Ellen: My path into cybersecurity
My name is Ellen and I am a security engineering manager at Google focused in on how Google uses the cloud.
Cybersecurity wasn't a field when I got started in technology, something I came to later.
I got started in technology when I was working retail at a poster store.
And we needed to build a website and my feet hurt and I really needed to sit down.
And so I asked friends to teach me how to do HTML so I could sit down while working and I could let my blisters have a rest.
While I was at the poster store, one of our customers worked at a start up and used to get employee photos framed and they asked them for feedback on my website, and they ended up giving me an internship.
One of the specialties that I ended up having was API design or designing the interface by which a developer communicates with the machine.

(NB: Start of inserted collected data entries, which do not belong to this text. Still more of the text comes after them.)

(* Let $T>0$ and $\mathbf{u}\in C([0,T];X)$. Then for every $t\in[0,T]$ the map $(\mathbf{y},\mathbf{x})\mapsto\gamma(\mathbf{u})(\mathbf{y},\mathbf{x},t)$ on $\Omega\times\Omega$ is measurable, and for almost all $(\mathbf{y},\mathbf{x})$ the map $t\mapsto\gamma(\mathbf{u})(\mathbf{y},\mathbf{x},t)$ is continuous on $[0,T]$. Moreover, there is a constant $C$, independent of the vector fields, such that for all $\mathbf{u},\mathbf{w}\in C([0,T];X)$, almost all $(\mathbf{y},\mathbf{x})\in\Omega\times\Omega$ with $|\mathbf{y}-\mathbf{x}|<\epsilon$, and all $t\in[0,T]$, $$|\gamma(\mathbf{u})(\mathbf{y},\mathbf{x},t)-\gamma(\mathbf{w})(\mathbf{y},\mathbf{x},t)|\le \|\mathbf{u}-\mathbf{w}\|_{C([0,T];X)}\,\frac{C}{|\mathbf{y}-\mathbf{x}|}.$$
   Context: Let $d\in\{2,3\}$, $\Omega\subset\mathbb{R}^d$ a bounded domain, $\epsilon>0$ a horizon, $L>0$ a length and $\overline{\mu}>0$. For a time-dependent displacement $\mathbf{u}(t,\cdot):\Omega\to\mathbb{R}^d$ and $\mathbf{y}\ne\mathbf{x}$, with $\mathbf{e}=(\mathbf{y}-\mathbf{x})/|\mathbf{y}-\mathbf{x}|$, the strain is $S(\mathbf{y},\mathbf{x},\mathbf{u}(t))=(\mathbf{u}(t,\mathbf{y})-\mathbf{u}(t,\mathbf{x}))\cdot\mathbf{e}/|\mathbf{y}-\mathbf{x}|$, the memory strain is $S^*(t,\mathbf{y},\mathbf{x},\mathbf{u})=\max_{0\le\tau\le t}S(\mathbf{y},\mathbf{x},\mathbf{u}(\tau))$ and $r^*=\sqrt{|\mathbf{y}-\mathbf{x}|/L}\,S^*(t,\mathbf{y},\mathbf{x},\mathbf{u})$. The failure envelope is the derivative $g'$ of a convex–concave potential $g$ with parameters $0<r^L\le r^C<r^F$: $g'(r)=\overline{\mu}r$ for $r\le r^L$, $g'$ becomes nonlinear beyond $r^L$ (strain hardening between $r^L$ and $r^C$) and decreases to $0$ at $r^F$, with $g'(r)=0$ for $r\ge r^F$ (e.g. the bilinear law $g'(r)=\overline{\mu}r$ for $r<r^C$, $g'(r)=\overline{\mu}r^C\frac{r^F-r}{r^F-r^C}$ for $r^C\le r\le r^F$, $0$ for $r>r^F$). The two-point phase field is $\gamma(\mathbf{u})(\mathbf{y},\mathbf{x},t)=\frac{g'(r^* )}{\overline{\mu}\,r^*}\in[0,1]$ (equal to $1$ when $r^*\le r^L$). Let $\mathcal{U}=\{\mathbb{Q}\mathbf{x}+\mathbf{c}:\ \mathbb{Q}^T=-\mathbb{Q}\}$ be the rigid motions and $X$ the subspace of $L^\infty(\Omega;\mathbb{R}^d)$ of fields $L^2$-orthogonal to $\mathcal{U}$; $C([0,T];X)$ has norm $\sup_{0\le t\le T}\|\mathbf{u}(t)\|_{L^\infty}$. *)

theory Defs
  imports "HOL-Analysis.Analysis"
begin

definition strain :: "('a::euclidean_space \<Rightarrow> 'a) \<Rightarrow> 'a \<Rightarrow> 'a \<Rightarrow> real" where
  "strain v y x = ((v y - v x) \<bullet> ((y - x) /\<^sub>R norm (y - x))) / norm (y - x)"

definition mem_strain :: "(real \<Rightarrow> 'a::euclidean_space \<Rightarrow> 'a) \<Rightarrow> real \<Rightarrow> 'a \<Rightarrow> 'a \<Rightarrow> real" where
  "mem_strain u t y x = (SUP \<tau>\<in>{0..t}. strain (u \<tau>) y x)"

definition rstar :: "real \<Rightarrow> (real \<Rightarrow> 'a::euclidean_space \<Rightarrow> 'a) \<Rightarrow> real \<Rightarrow> 'a \<Rightarrow> 'a \<Rightarrow> real" where
  "rstar L u t y x = sqrt (norm (y - x) / L) * mem_strain u t y x"

definition phase_field ::
  "(real \<Rightarrow> real) \<Rightarrow> real \<Rightarrow> real \<Rightarrow> real \<Rightarrow> (real \<Rightarrow> 'a::euclidean_space \<Rightarrow> 'a) \<Rightarrow> 'a \<Rightarrow> 'a \<Rightarrow> real \<Rightarrow> real"
  where
  "phase_field gp mu rL L u y x t =
     (let r = rstar L u t y x in if r \<le> rL then 1 else gp r / (mu * r))"

text \<open>Failure envelope g' = derivative of a convex-concave potential g with parameters
  0 < r^L <= r^C < r^F.\<close>
definition failure_envelope :: "(real \<Rightarrow> real) \<Rightarrow> real \<Rightarrow> real \<Rightarrow> real \<Rightarrow> real \<Rightarrow> bool" where
  "failure_envelope gp mu rL rC rF \<longleftrightarrow>
     0 < mu \<and> 0 < rL \<and> rL \<le> rC \<and> rC < rF \<and>
     (\<forall>r. r \<le> rL \<longrightarrow> gp r = mu * r) \<and>
     (\<forall>r. rF \<le> r \<longrightarrow> gp r = 0) \<and>
     (\<forall>r s. r \<le> s \<and> s \<le> rC \<longrightarrow> gp r \<le> gp s) \<and>
     (\<forall>r s. rC \<le> r \<and> r \<le> s \<longrightarrow> gp s \<le> gp r) \<and>
     (\<forall>r. 0 \<le> r \<longrightarrow> 0 \<le> gp r \<and> gp r \<le> mu * r) \<and>
     (\<exists>K. \<forall>r s. \<bar>gp r - gp s\<bar> \<le> K * \<bar>r - s\<bar>)"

As part of that, I got into a job where I was designing a miniature version of an operating system for security technology and started learning security from there.
Most of the people I know from cyber security, especially in the early days, do not have a degree at all.

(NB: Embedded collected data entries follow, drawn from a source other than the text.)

lemma GDERIV_imp_has_real_derivative_along_line:
  assumes "GDERIV f (a + t *\<^sub>R v) :> D"
  shows "((\<lambda>t. f (a + t *\<^sub>R v)) has_real_derivative v \<bullet> D) (at t)"
proof -
  have line: "((\<lambda>t. a + t *\<^sub>R v) has_derivative (\<lambda>s. s *\<^sub>R v)) (at t)"
    by (rule derivative_eq_intros refl)+ simp
  have "((f \<circ> (\<lambda>t. a + t *\<^sub>R v)) has_derivative (\<lambda>h. h \<bullet> D) \<circ> (\<lambda>s. s *\<^sub>R v)) (at t)"
    by (rule diff_chain_at[OF line]) (use assms in \<open>simp add: gderiv_def\<close>)
  moreover have "(\<lambda>h. h \<bullet> D) \<circ> (\<lambda>s. s *\<^sub>R v) = (*) (v \<bullet> D)"
    by (auto simp: fun_eq_iff mult.commute)
  ultimately show ?thesis
    unfolding has_field_derivative_def by (simp add: o_def)
qed

lemma GDERIV_orthogonal_imp_translation_invariant:
  assumes grad: "\<And>x. GDERIV f x :> G x" and orth: "\<And>x. v \<bullet> G x = 0"
  shows "f (a + v) = f a"
proof -
  have "((\<lambda>t. f (a + t *\<^sub>R v)) has_real_derivative 0) (at t)" for t
    using GDERIV_imp_has_real_derivative_along_line[OF grad] orth by metis
  then have "f (a + 1 *\<^sub>R v) = f (a + 0 *\<^sub>R v)"
    using DERIV_isconst_all[of "\<lambda>t. f (a + t *\<^sub>R v)" 1 0] by blast
  then show ?thesis
    by simp
qed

Or if they do, they have a degree like I do in something like philosophy or poetry.
Almost everyone learned on their own by experimenting, by talking to people, by reading.

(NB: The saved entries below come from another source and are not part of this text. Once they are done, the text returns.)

(* Let $\Delta$ be an S-map and $\mu$ a real number. Suppose every maximal semisimple S-submap of $\Delta$ satisfies the condition $\mathcal X(\mu)$. Let $S$ be the number of selected external edges of $\Delta$. Then $$S\ge(1-2\mu)\sum_{\Pi\in\Delta(2)}|\partial\Pi|.$$
   Context: A map is a connected subcomplex of an oriented combinatorial 2-sphere together with a set of cycles (its contours) such that each oriented edge lies either in the boundary cycle $\partial\Pi$ of some face $\Pi$ or in a contour of the map (and each oriented edge of the complex is counted once in the union of face boundaries and contours). $\Delta(1)$ and $\Delta(2)$ denote the sets of edges and faces; $|\partial\Pi|$ is the length of the boundary cycle of $\Pi$; $\|X\|$ is cardinality. An edge is external if at least one of its orientations lies on a contour of the map. A selection on a map is a set of nontrivial reduced subpaths of boundary cycles of faces, closed under taking nontrivial subpaths; an S-map is a map with a selection. An external edge is selected if an orientation of it lying on the boundary of a face is a selected path. A map is semisimple if every edge is incident to a face. A semisimple S-map $\Delta$ satisfies $\mathcal X(\mu)$ if the number $S$ of its selected external edges satisfies $S\ge\|\Delta(1)\|-\mu\sum_{\Pi\in\Delta(2)}|\partial\Pi|$. The maximal semisimple S-submaps of $\Delta$ are the S-submaps given by the connected components of the complex obtained from $\Delta$ by deleting all edges not incident to any face (with the induced contours and selection). *)

theory Defs
  imports Complex_Main "HOL-Library.Sublist"
begin

text \<open>Darts = oriented edges; srev = orientation reversal; snxt d = the dart
following d along the boundary cycle of the face on whose boundary d lies;
stail d = initial vertex of d.\<close>

record ('v, 'd) sphere =
  sdarts :: "'d set"
  srev   :: "'d \<Rightarrow> 'd"
  snxt   :: "'d \<Rightarrow> 'd"
  stail  :: "'d \<Rightarrow> 'v"

definition shead :: "('v,'d) sphere \<Rightarrow> 'd \<Rightarrow> 'v" where
  "shead S d = stail S (srev S d)"

definition srot :: "('v,'d) sphere \<Rightarrow> 'd \<Rightarrow> 'd" where
  "srot S d = snxt S (srev S d)"

definition dart_orbit :: "('d \<Rightarrow> 'd) \<Rightarrow> 'd \<Rightarrow> 'd set" where
  "dart_orbit f d = {(f ^^ n) d | n. True}"

definition sphere_faces :: "('v,'d) sphere \<Rightarrow> 'd set set" where
  "sphere_faces S = {dart_orbit (snxt S) d | d. d \<in> sdarts S}"

definition sphere_edges :: "('v,'d) sphere \<Rightarrow> 'd set set" where
  "sphere_edges S = {{d, srev S d} | d. d \<in> sdarts S}"

definition sphere_verts :: "('v,'d) sphere \<Rightarrow> 'v set" where
  "sphere_verts S = stail S ` sdarts S"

And so I would say no technical background is required.
And in fact, having a background where you're used to being out in the real world can sometimes make cybersecurity make more sense and help you make more balanced choices.
In almost all areas, there is a security community that you can find.
Figure out where they are, look for local conferences, start talking to people.
It's a lot more fun to learn that way than it is in a vacuum.
I've found that most people if you come to them and say, hey, you're really good at this thing, would you mind if I bought you a coffee and you showed me how to do it?
That they'll always pretty much say yes.
The advice I give to people who don't have technical backgrounds, the first one is, I wouldn't be afraid of the technology.
It can seem like only somebody with a computer science degree could ever understand things, but these concepts, these technologies are understandable by anyone.
And so never let the fact that you might not have a technical background get in the way, just pick an area that interests you and start diving in.
And as long as you're curious, and as long as you find it interesting, you'll, you'll learn the technology.